Mrs. Weston looked surprised. “Until a week ago? He still does.”

Harry gazed at her with his mouth open. Sergeant Murphree glared at him, then asked Mrs. Weston in a stiff voice, “Mind if I look around his room for a minute?”

The landlady looked him over doubtfully, frowned at Harry and then apparently decided to cooperate with the police without asking questions. She led them up a flight of stairs to Harry’s old room. Harry gazed at the blank door in dread, almost knowing in advance what was on the other side.
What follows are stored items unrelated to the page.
theorem lemma9:
  "(\<exists>n x b. (\<forall>i<n. 0 \<le> x i \<and> x i \<le> 1 \<and> 0 \<le> b i)
      \<and> (\<exists>P. partition_on {..<n} P \<and> 0 < duty_cycle_lifetime P x b)
      \<and> (\<forall>P. partition_on {..<n} P \<longrightarrow>
             3/2 * duty_cycle_lifetime P x b \<le> opt_set_once n x b
           \<and> 3/2 * duty_cycle_lifetime P x b \<le> opt_strip_cover n x b))
   \<and> (\<forall>P. partition_on {..<3} P \<longrightarrow>
             3/2 * duty_cycle_lifetime P ex_x ex_b \<le> opt_set_once 3 ex_x ex_b
           \<and> 3/2 * duty_cycle_lifetime P ex_x ex_b \<le> opt_strip_cover 3 ex_x ex_b)"
proof -
  have ratio: "3/2 * duty_cycle_lifetime P ex_x ex_b \<le> opt_set_once 3 ex_x ex_b
      \<and> 3/2 * duty_cycle_lifetime P ex_x ex_b \<le> opt_strip_cover 3 ex_x ex_b"
    if "partition_on {..<3} P" for P
    using ex_duty_cycle_lifetime_le[OF that] ex_opt_set_once_ge ex_opt_strip_cover_ge by auto
  have "\<forall>i<3. 0 \<le> ex_x i \<and> ex_x i \<le> 1 \<and> 0 \<le> ex_b i"
    by (auto simp: less_3_cases)
  moreover have "partition_on {..<3::nat} {{..<3}}"
    by (rule partition_on_space) (auto simp: lessThan_empty_iff)
  ultimately show ?thesis
    using ex_duty_cycle_lifetime_pos ratio by blast
qed

end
“Gimme that key you claimed was to the apartment,” Sergeant Murphree said, holding out his hand.

Numbly, Harry handed it over. It slipped into the lock easily, and when the sergeant turned it, the door opened. Sergeant Murphree stepped aside, laid his hand on Harry’s shoulder and gently propelled him into the room first.
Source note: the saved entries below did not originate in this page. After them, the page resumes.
(* For all $\tau\in\mathbb{H}$, \[ T_1(\tau)\bigl(T_1(\tau)+T_2(\tau)\bigr)\bigl(1+T_2^2(\tau)\bigr)=T_2(\tau)\bigl(1+T_1(\tau)T_2(\tau)\bigr)\bigl(1+T_1^2(\tau)\bigr). \]
   Context: $q=e^{2\pi i\tau}$, $(a;q)_\infty=\prod_{n\ge0}(1-aq^n)$. Define $T_1(\tau)=\dfrac{(-q;q^5)_\infty(-q^4;q^5)_\infty-(q;q^5)_\infty(q^4;q^5)_\infty}{(-q;q^5)_\infty(-q^4;q^5)_\infty+(q;q^5)_\infty(q^4;q^5)_\infty}$ and $T_2(\tau)=\dfrac{(-q^2;q^5)_\infty(-q^3;q^5)_\infty-(q^2;q^5)_\infty(q^3;q^5)_\infty}{(-q^2;q^5)_\infty(-q^3;q^5)_\infty+(q^2;q^5)_\infty(q^3;q^5)_\infty}$. *)

theory Defs
  imports "HOL-Analysis.Analysis"
begin

definition qpoch :: "complex \<Rightarrow> complex \<Rightarrow> complex" where
  "qpoch a q = (\<Prod>n. (1 - a * q ^ n))"

definition nome :: "complex \<Rightarrow> complex" where
  "nome \<tau> = exp (2 * pi * \<i> * \<tau>)"

definition T1num :: "complex \<Rightarrow> complex" where
  "T1num \<tau> = (let q = nome \<tau> in
     qpoch (-q) (q^5) * qpoch (-(q^4)) (q^5) - qpoch q (q^5) * qpoch (q^4) (q^5))"
definition T1den :: "complex \<Rightarrow> complex" where
  "T1den \<tau> = (let q = nome \<tau> in
     qpoch (-q) (q^5) * qpoch (-(q^4)) (q^5) + qpoch q (q^5) * qpoch (q^4) (q^5))"
definition T2num :: "complex \<Rightarrow> complex" where
  "T2num \<tau> = (let q = nome \<tau> in
     qpoch (-(q^2)) (q^5) * qpoch (-(q^3)) (q^5) - qpoch (q^2) (q^5) * qpoch (q^3) (q^5))"
definition T2den :: "complex \<Rightarrow> complex" where
  "T2den \<tau> = (let q = nome \<tau> in
     qpoch (-(q^2)) (q^5) * qpoch (-(q^3)) (q^5) + qpoch (q^2) (q^5) * qpoch (q^3) (q^5))"

definition T1 :: "complex \<Rightarrow> complex" where "T1 \<tau> = T1num \<tau> / T1den \<tau>"
definition T2 :: "complex \<Rightarrow> complex" where "T2 \<tau> = T2num \<tau> / T2den \<tau>"

end

(* Write f(s) for the theta series sum over integers n of q^(10 n^2 + s n).
   By Jacobi's triple product, (q^5;q^5) times the numerator and the denominator
   of T1 are twice the odd and the even part of sum_i q^(5 i (i - 1) / 2) (+-q)^i,
   and splitting by parity gives T1 = q f(7) / f(3); likewise T2 = q^2 f(9) / f(1).
   Multiplying two series sum_n q^(5 n^2 + x n) and sorting the pairs of indices
   by the parity of their sum expresses the product through the f(s); this gives
   four quadratic relations, and the triple product gives a fifth one,
   f(7) f(3) g(4) = f(9) f(1) g(2) with g(s) = sum_n q^(5 n^2 + s n).
   The identity is an algebraic consequence of these five relations. *)

theory Submission
  imports Defs "HOL-Library.Nat_Bijection"
begin

section \<open>The q-Pochhammer symbol\<close>

lemma norm_power_less_one: "norm q < 1 \<Longrightarrow> 0 < k \<Longrightarrow> norm (q ^ k) < 1"
  for q :: "'a::real_normed_div_algebra"
  by (simp add: norm_power power_less_one_iff)

lemma convergent_prod_one_minus_geometric:
  fixes a q :: "'a::{real_normed_field, banach}"
  assumes "norm q < 1"
  shows "convergent_prod (\<lambda>n. 1 - a * q ^ n)"
proof (rule abs_convergent_prod_imp_convergent_prod, rule summable_imp_abs_convergent_prod)
  have "summable (\<lambda>n. norm a * norm q ^ n)"
    using assms by (intro summable_mult summable_geometric) auto
  then show "summable (\<lambda>n. norm (1 - a * q ^ n - 1))"
    by (simp add: norm_mult norm_power)
qed

lemma qpoch_LIMSEQ:
  fixes a q :: complex
  assumes "norm q < 1"
  shows "(\<lambda>n. \<Prod>k<n. 1 - a * q ^ k) \<longlonglongrightarrow> qpoch a q"
  unfolding qpoch_def LIMSEQ_lessThan_iff_atMost
  by (rule convergent_prod_LIMSEQ[OF convergent_prod_one_minus_geometric[OF assms]])

lemma qpoch_self_nonzero:
  fixes q :: complex
  assumes "norm q < 1"
  shows "qpoch q q \<noteq> 0"
proof -
  have "norm (q * q ^ n) < 1" for n
    using assms by (simp add: norm_mult norm_power power_less_one_iff flip: power_Suc)
  then have "1 - q * q ^ n \<noteq> 0" for n
    by (metis norm_one order_less_irrefl right_minus_eq)
  then show ?thesis
    unfolding qpoch_def by (intro prodinf_nonzero convergent_prod_one_minus_geometric assms)
qed

lemma qpoch_even_odd:
  fixes a q :: complex
  assumes "norm q < 1"
  shows "qpoch a q = qpoch a (q\<^sup>2) * qpoch (a * q) (q\<^sup>2)"
proof -
  have q2: "norm (q\<^sup>2) < 1"
    using assms by (simp add: norm_power_less_one)
  have pairs: "(\<Prod>k<2 * n. 1 - a * q ^ k)
      = (\<Prod>k<n. 1 - a * (q\<^sup>2) ^ k) * (\<Prod>k<n. 1 - (a * q) * (q\<^sup>2) ^ k)" for n
  proof -
    have "(\<Prod>k<n * 2. 1 - a * q ^ k) = (\<Prod>m<n. \<Prod>k\<in>{m * 2..<m * 2 + 2}. 1 - a * q ^ k)"
      by (rule prod.nat_group[symmetric])
    also have "\<dots> = (\<Prod>m<n. (1 - a * (q\<^sup>2) ^ m) * (1 - (a * q) * (q\<^sup>2) ^ m))"
    proof (rule prod.cong[OF refl])
      fix m
      have "{m * 2..<m * 2 + 2} = {m * 2, Suc (m * 2)}"
        by auto
      then show "(\<Prod>k\<in>{m * 2..<m * 2 + 2}. 1 - a * q ^ k)
          = (1 - a * (q\<^sup>2) ^ m) * (1 - (a * q) * (q\<^sup>2) ^ m)"
        by (simp add: power_mult[symmetric] mult.commute mult.left_commute)
    qed
    finally show ?thesis
      by (simp add: prod.distrib mult.commute)
  qed
  have "(\<lambda>n. \<Prod>k<2 * n. 1 - a * q ^ k) \<longlonglongrightarrow> qpoch a (q\<^sup>2) * qpoch (a * q) (q\<^sup>2)"
    unfolding pairs by (intro tendsto_mult qpoch_LIMSEQ q2)
  moreover have "strict_mono (\<lambda>n::nat. 2 * n)"
    by (auto simp: strict_mono_def)
  then have "(\<lambda>n. \<Prod>k<2 * n. 1 - a * q ^ k) \<longlonglongrightarrow> qpoch a q"
    using LIMSEQ_subseq_LIMSEQ[OF qpoch_LIMSEQ[OF assms]] by (simp add: o_def)
  ultimately show ?thesis
    using LIMSEQ_unique by blast
qed

section \<open>Gaussian binomial coefficients\<close>

fun qbinom :: "'a::comm_semiring_1 \<Rightarrow> nat \<Rightarrow> nat \<Rightarrow> 'a" where
  "qbinom q n 0 = 1"
| "qbinom q 0 (Suc k) = 0"
| "qbinom q (Suc n) (Suc k) = qbinom q n k + q ^ Suc k * qbinom q n (Suc k)"

text \<open>\<open>qfactorial q n\<close> is \<open>(q;q)\<^sub>n\<close>, the q-factorial up to the factor \<open>(1 - q)\<^sup>n\<close>.\<close>

definition qfactorial :: "'a::comm_ring_1 \<Rightarrow> nat \<Rightarrow> 'a" where
  "qfactorial q n = (\<Prod>k<n. 1 - q ^ Suc k)"

lemma qfactorial_Suc: "qfactorial q (Suc n) = qfactorial q n * (1 - q ^ Suc n)"
  by (simp add: qfactorial_def)

lemma qbinom_eq_0: "n < k \<Longrightarrow> qbinom q n k = 0"
proof (induction n arbitrary: k)
  case 0
  then show ?case by (cases k) auto
next
  case (Suc n)
  then show ?case by (cases k) auto
qed

lemma Suc_choose_two: "Suc n choose 2 = (n choose 2) + n"
  by (simp add: numeral_2_eq_2)

lemma q_binomial_theorem:
  fixes q x :: "'a::comm_semiring_1"
  shows "(\<Prod>k<n. 1 + x * q ^ k) = (\<Sum>j\<le>n. qbinom q n j * q ^ (j choose 2) * x ^ j)"
proof (induction n arbitrary: x)
  case 0
  then show ?case by (simp add: binomial_eq_0)
next
  case (Suc n)
  define S where "S j = qbinom q n j * q ^ ((j choose 2) + j) * x ^ j" for j
  have "S 0 = 1" "S (Suc n) = 0"
    by (simp_all add: S_def qbinom_eq_0 binomial_eq_0)
  then have shift: "(\<Sum>j\<le>n. S j) = 1 + (\<Sum>j\<le>n. S (Suc j))"
    using sum.atMost_Suc_shift[of S n] sum.atMost_Suc[of S n] by simp
  have "(\<Prod>k<Suc n. 1 + x * q ^ k) = (1 + x) * (\<Prod>k<n. 1 + (x * q) * q ^ k)"
    by (subst prod.lessThan_Suc_shift) (simp add: mult_ac)
  also have "\<dots> = (1 + x) * (\<Sum>j\<le>n. S j)"
    using Suc.IH[of "x * q"] by (simp add: S_def power_mult_distrib power_add mult_ac)
  also have "\<dots> = (\<Sum>j\<le>n. S j) + x * (\<Sum>j\<le>n. S j)"
    by (simp add: distrib_right)
  also have "\<dots> = 1 + (\<Sum>j\<le>n. x * S j + S (Suc j))"
    by (subst (1) shift) (simp add: sum.distrib sum_distrib_left add_ac)
  also have "\<dots> = 1 + (\<Sum>j\<le>n. qbinom q (Suc n) (Suc j) * q ^ (Suc j choose 2) * x ^ Suc j)"
    by (simp add: S_def algebra_simps power_add Suc_choose_two del: binomial_Suc_Suc)
  also have "\<dots> = (\<Sum>j\<le>Suc n. qbinom q (Suc n) j * q ^ (j choose 2) * x ^ j)"
    by (subst sum.atMost_Suc_shift) (simp add: binomial_eq_0 del: binomial_Suc_Suc)
  finally show ?case .
qed

lemma qbinom_mult_qfactorial:
  fixes q :: "'a::comm_ring_1"
  shows "k \<le> n \<Longrightarrow> qbinom q n k * qfactorial q k * qfactorial q (n - k) = qfactorial q n"
proof (induction n arbitrary: k)
  case (Suc n)
  show ?case
  proof (cases k)
    case (Suc i)
    with Suc.prems have "i \<le> n"
      by simp
    have "qbinom q n i * qfactorial q (Suc i) * qfactorial q (n - i)
        = (1 - q ^ Suc i) * (qbinom q n i * qfactorial q i * qfactorial q (n - i))"
      by (simp only: qfactorial_Suc mult_ac)
    then have left: "qbinom q n i * qfactorial q (Suc i) * qfactorial q (n - i)
        = (1 - q ^ Suc i) * qfactorial q n"
      using Suc.IH[OF \<open>i \<le> n\<close>] by simp
    have right: "qbinom q n (Suc i) * qfactorial q (Suc i) * qfactorial q (n - i)
        = (1 - q ^ (n - i)) * qfactorial q n"
    proof (cases "i = n")
      case False
      then have "Suc i \<le> n" "n - i = Suc (n - Suc i)"
        using \<open>i \<le> n\<close> by auto
      then have "qbinom q n (Suc i) * qfactorial q (Suc i) * qfactorial q (n - i)
          = (1 - q ^ (n - i)) * (qbinom q n (Suc i) * qfactorial q (Suc i) * qfactorial q (n - Suc i))"
        by (simp only: qfactorial_Suc mult_ac)
      then show ?thesis
        using Suc.IH[OF \<open>Suc i \<le> n\<close>] by simp
    qed (simp add: qbinom_eq_0)
    have "qbinom q (Suc n) k * qfactorial q k * qfactorial q (Suc n - k)
        = qbinom q n i * qfactorial q (Suc i) * qfactorial q (n - i)
          + q ^ Suc i * (qbinom q n (Suc i) * qfactorial q (Suc i) * qfactorial q (n - i))"
      using \<open>k = Suc i\<close> by (simp add: algebra_simps del: power_Suc)
    also have "\<dots> = qfactorial q n * (1 - q ^ Suc i * q ^ (n - i))"
      unfolding left right by (simp add: algebra_simps del: power_Suc)
    also have "\<dots> = qfactorial q (Suc n)"
      using \<open>i \<le> n\<close> by (simp add: qfactorial_Suc power_add[symmetric] del: power_Suc)
    finally show ?thesis .
  qed (simp add: qfactorial_def)
qed (simp add: qfactorial_def)

lemma norm_qbinom_le: "norm (qbinom q n k) \<le> qbinom (norm q) n k"
  for q :: "'a::{real_normed_algebra_1, comm_ring_1}"
proof (induction q n k rule: qbinom.induct)
  case (3 q n k)
  have "norm (qbinom q (Suc n) (Suc k)) \<le> norm (qbinom q n k) + norm (q ^ Suc k * qbinom q n (Suc k))"
    by (simp only: qbinom.simps norm_triangle_ineq)
  also have "\<dots> \<le> norm (qbinom q n k) + norm q ^ Suc k * norm (qbinom q n (Suc k))"
    by (intro add_left_mono order_trans[OF norm_mult_ineq] mult_right_mono norm_power_ineq norm_ge_zero)
  also have "\<dots> \<le> qbinom (norm q) n k + norm q ^ Suc k * qbinom (norm q) n (Suc k)"
    using 3 by (intro add_mono mult_left_mono) auto
  finally show ?case
    by (simp only: qbinom.simps)
qed simp_all

lemma qfactorial_lower_bound:
  fixes r :: real
  assumes "0 \<le> r" "r < 1"
  obtains L where "L > 0" "\<And>n. L \<le> qfactorial r n"
proof -
  define f where "f k = 1 - r * r ^ k" for k
  have f: "0 < f k" "f k \<le> 1" for k
  proof -
    have "0 \<le> r * r ^ k" "r * r ^ k < 1"
      using assms by (simp_all add: power_less_one_iff flip: power_Suc)
    then show "0 < f k" "f k \<le> 1"
      by (simp_all add: f_def)
  qed
  have conv: "convergent_prod f"
    unfolding f_def by (rule convergent_prod_one_minus_geometric) (use assms in auto)
  have qf: "qfactorial r = (\<lambda>n. prod f {..<n})"
    by (simp add: fun_eq_iff qfactorial_def f_def)
  have lim: "qfactorial r \<longlonglongrightarrow> prodinf f"
    unfolding qf LIMSEQ_lessThan_iff_atMost by (rule convergent_prod_LIMSEQ[OF conv])
  have "decseq (qfactorial r)"
    unfolding decseq_Suc_iff qf using f by (simp add: mult_left_le prod_nonneg less_imp_le)
  then have below: "prodinf f \<le> qfactorial r n" for n
    using lim by (rule decseq_ge)
  have pos: "0 < qfactorial r n" for n
    unfolding qf using f by (simp add: prod_pos)
  have "prodinf f \<ge> 0"
    using lim by (rule tendsto_lowerbound) (auto intro: always_eventually less_imp_le[OF pos])
  moreover have "prodinf f \<noteq> 0"
    using f by (intro prodinf_nonzero conv) (metis less_irrefl)
  ultimately show ?thesis
    using that[OF _ below] by simp
qed

lemma qbinom_bounded:
  fixes q :: "'a::{real_normed_algebra_1, comm_ring_1}"
  assumes "norm q < 1"
  obtains K where "\<And>n k. norm (qbinom q n k) \<le> K"
proof -
  obtain L where L: "L > 0" "\<And>n. L \<le> qfactorial (norm q) n"
    using qfactorial_lower_bound[of "norm q"] assms by auto
  have "qbinom (norm q) n k \<le> 1 / L\<^sup>2" for n k
  proof (cases "k \<le> n")
    case True
    have "qfactorial (norm q) n \<le> 1"
      using assms by (auto simp: qfactorial_def intro!: prod_le_1 mult_le_one power_le_one)
    then have "qbinom (norm q) n k * qfactorial (norm q) k * qfactorial (norm q) (n - k) \<le> 1"
      using qbinom_mult_qfactorial[OF True, of "norm q"] by simp
    moreover have "L\<^sup>2 \<le> qfactorial (norm q) k * qfactorial (norm q) (n - k)"
      using L by (auto simp: power2_eq_square intro!: mult_mono order.trans[OF less_imp_le[OF L(1)]])
    then have "qbinom (norm q) n k * L\<^sup>2 \<le> qbinom (norm q) n k * qfactorial (norm q) k * qfactorial (norm q) (n - k)"
      using norm_qbinom_le[of "norm q"] norm_ge_zero order_trans
      by (auto simp: mult.assoc intro!: mult_left_mono)
    ultimately show ?thesis
      using L by (simp add: field_simps)
  qed (simp add: qbinom_eq_0)
  then show ?thesis
    using that norm_qbinom_le order_trans by metis
qed

lemma qfactorial_LIMSEQ:
  fixes q :: complex
  assumes "norm q < 1"
  shows "qfactorial q \<longlonglongrightarrow> qpoch q q"
proof -
  have "qfactorial q = (\<lambda>n. \<Prod>k<n. 1 - q * q ^ k)"
    by (simp add: fun_eq_iff qfactorial_def)
  then show ?thesis
    using qpoch_LIMSEQ[OF assms, of q] by simp
qed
Harry felt no shock at what he saw, for by now his nerves were anesthetized to shock. A numbness almost approaching indifference had replaced his emotions, and he felt nothing whatever when he saw his own books on the table by the window, his alarm clock and table model radio on the bedside stand, and through the open door of the closet a rack containing his own neckties.

The thought flickered across his mind that somehow he had slipped back in time. In science-fiction stories he had read of “time faults” through which a person could accidently slip and find himself suddenly either in the future or the past. He had never heard of such a thing actually happening, and had never regarded time faults as anything but the stuff of fantasy, but how else could he explain what had happened? Perhaps Helen was still safe in Des Moines and they were not even married yet.”

He turned to look into Sergeant Murphree’s face, finding nothing there but the resigned bitterness of a cop who is long inured to spending much of his time chasing wild geese.

He asked eagerly, “What’s the date today?”

The expression on the sergeant’s face caused his eagerness to die. The man thinks I’m mad, he thought.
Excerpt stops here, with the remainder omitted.